Independent candidate for Kentucky Senate District 35
- Election date November 4, 2008
- Opponent(s): Denise Harper Angel (D), John Albers (R)
- Incumbent: Denise Harper Angel

Personal details
- Born: September 27, 1969 (age 55) Louisville, Kentucky
- Political party: Independent
- Profession: Publisher; graphic designer; musician; politician;

= Scott Ritcher =

American politician (born 1969)

Scott Ritcher (born September 27, 1969) is an American magazine publisher, graphic designer, musician, and politician from Louisville, Kentucky.

==Magazine==
Ritcher is the publisher of K Composite Magazine and runs a small publishing house, also called K Composite. The magazine contains interviews of his friends and other people who are not famous. The publication has been featured in Rolling Stone, the Chicago Tribune, and on NPR's Talk of the Nation.

==Music==
Ritcher is the former proprietor of the Slamdek Record Company, which released early recordings by influential punk and indie rock bands, including Endpoint, Rodan, Jawbox, and Ritcher's own bands, Sunspring and Metroschifter. The label's first release was a cassette tape by the synthesizer band Pink Aftershock in 1986, and its last was a Sunspring retrospective CD in 1995. Slamdek pressed 44 different records during its nine years in business.

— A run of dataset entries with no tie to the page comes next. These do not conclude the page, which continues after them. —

(* Let $n>2k\ge2$ be integers and let $J(n,k)$ be the Johnson graph with vertex set $V$ the $k$-subsets of $[n]$, two vertices adjacent iff their intersection has size $k-1$; let $A$ be its adjacency matrix, with distinct eigenvalues $\phi_0>\dots>\phi_k$ and corresponding orthogonal eigenprojections $P_0,\dots,P_k$. Let $w_1\neq w_2$ be two vertices, $\gamma>0$, and $H=-\gamma A-|w_1\rangle\langle w_1|-|w_2\rangle\langle w_2|$ on $\mathcal{H}=\mathbb{C}^V$. Let $\mathcal{H}_{\mathrm{inv}}$ be the subspace of vectors $f\in\mathcal{H}$ such that $f(v)=f(v')$ whenever $|v\cap w_1\cap w_2|=|v'\cap w_1\cap w_2|$ and the multisets $\{|v\cap w_1|,|v\cap w_2|\}$ and $\{|v'\cap w_1|,|v'\cap w_2|\}$ coincide. Let $\lambda$ be an eigenvalue of $H$ having an eigenvector in $\mathcal{H}_{\mathrm{inv}}$, and suppose $\lambda\notin\sigma(-\gamma A)$. Define $$m_i=1+\sum_{\ell=0}^k\frac{\|P_\ell|w_i\rangle\|^2}{\lambda+\gamma\phi_\ell}\ (i=1,2),\qquad m_3=\sum_{\ell=0}^k\frac{\langle w_1|P_\ell|w_2\rangle}{\lambda+\gamma\phi_\ell}.$$ Then $m_1+m_3=m_2+m_3=0$.
   Context: $\{|v\rangle : v\in V\}$ is the computational basis; $\sigma(U)$ denotes the spectrum of $U$. *)

theory Defs
  imports "HOL-Analysis.Analysis" "HOL-Library.Multiset"
begin

definition johnson_vertices :: "nat \<Rightarrow> nat \<Rightarrow> nat set set" where
  "johnson_vertices n k = {S. S \<subseteq> {1..n} \<and> card S = k}"

definition johnson_adj :: "nat \<Rightarrow> nat set \<Rightarrow> nat set \<Rightarrow> bool" where
  "johnson_adj k u v \<longleftrightarrow> card (u \<inter> v) = k - 1"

Sunspring reunited on May 14, 2010, to play a benefit concert for Jason Noble of Rodan and Rachel's.

Ritcher's first solo album, Scott Ritcher, was released in 1999. Nashville Geographic followed in 2001. In 2016, he issued the EP Simple Orbits and his latest, The Kentuckian, came out in 2019.

Discography
- Scott Ritcher (1999)
- Nashville Geographic (2001)
- Simple Orbits (EP – 2016)
- The Kentuckian (EP – 2019)

==Politics==
In 1998, Ritcher entered politics as the Reform Party's candidate for Mayor of Louisville. Though he spent only $1,000 on the campaign, Ritcher had a respectable showing at the polls and finished third of four candidates.

Ritcher announced his candidacy in early 2008 as an independent candidate for Kentucky Senate from District 35. A controversial lawsuit brought by the Democratic incumbent, Denise Harper Angel, eventually disqualified Ritcher from the race.

Angel's suit alleged that some of the signatures gathered on Ritcher's ballot petition were those of voters living outside the lines of Kentucky's State Senate District 35, and therefore inadmissible. Reporting on the verdict, the political site Page One Kentucky published the entire court order and noted, "while votes for Ritcher will no longer be counted, the court still backs Ritcher's honesty by plainly stating that the district boundaries that create the 35th Senate District are confusing."

==Other activities==
In 2008, the Louisville Courier-Journal reported that Ritcher's company K Composite "has completed the sale of its social networking site EggFly.com to a startup company, Ikimbo 2.0 of Radnor, Pennsylvania." According to the bio on his campaign website, Ritcher has been a contributor to LEO, Velocity Weekly, College Music Journal, and public radio's This American Life. He has also appeared as a newspaper photographer in the 1999 film The Insider.

Ritcher moved to Stockholm in 2009 and now holds dual citizenship there and in his native United States.

The musician has appeared in a number of television commercials, including advertisements for Nordea, Boxer, and Direkto, with Alexander Gustafsson.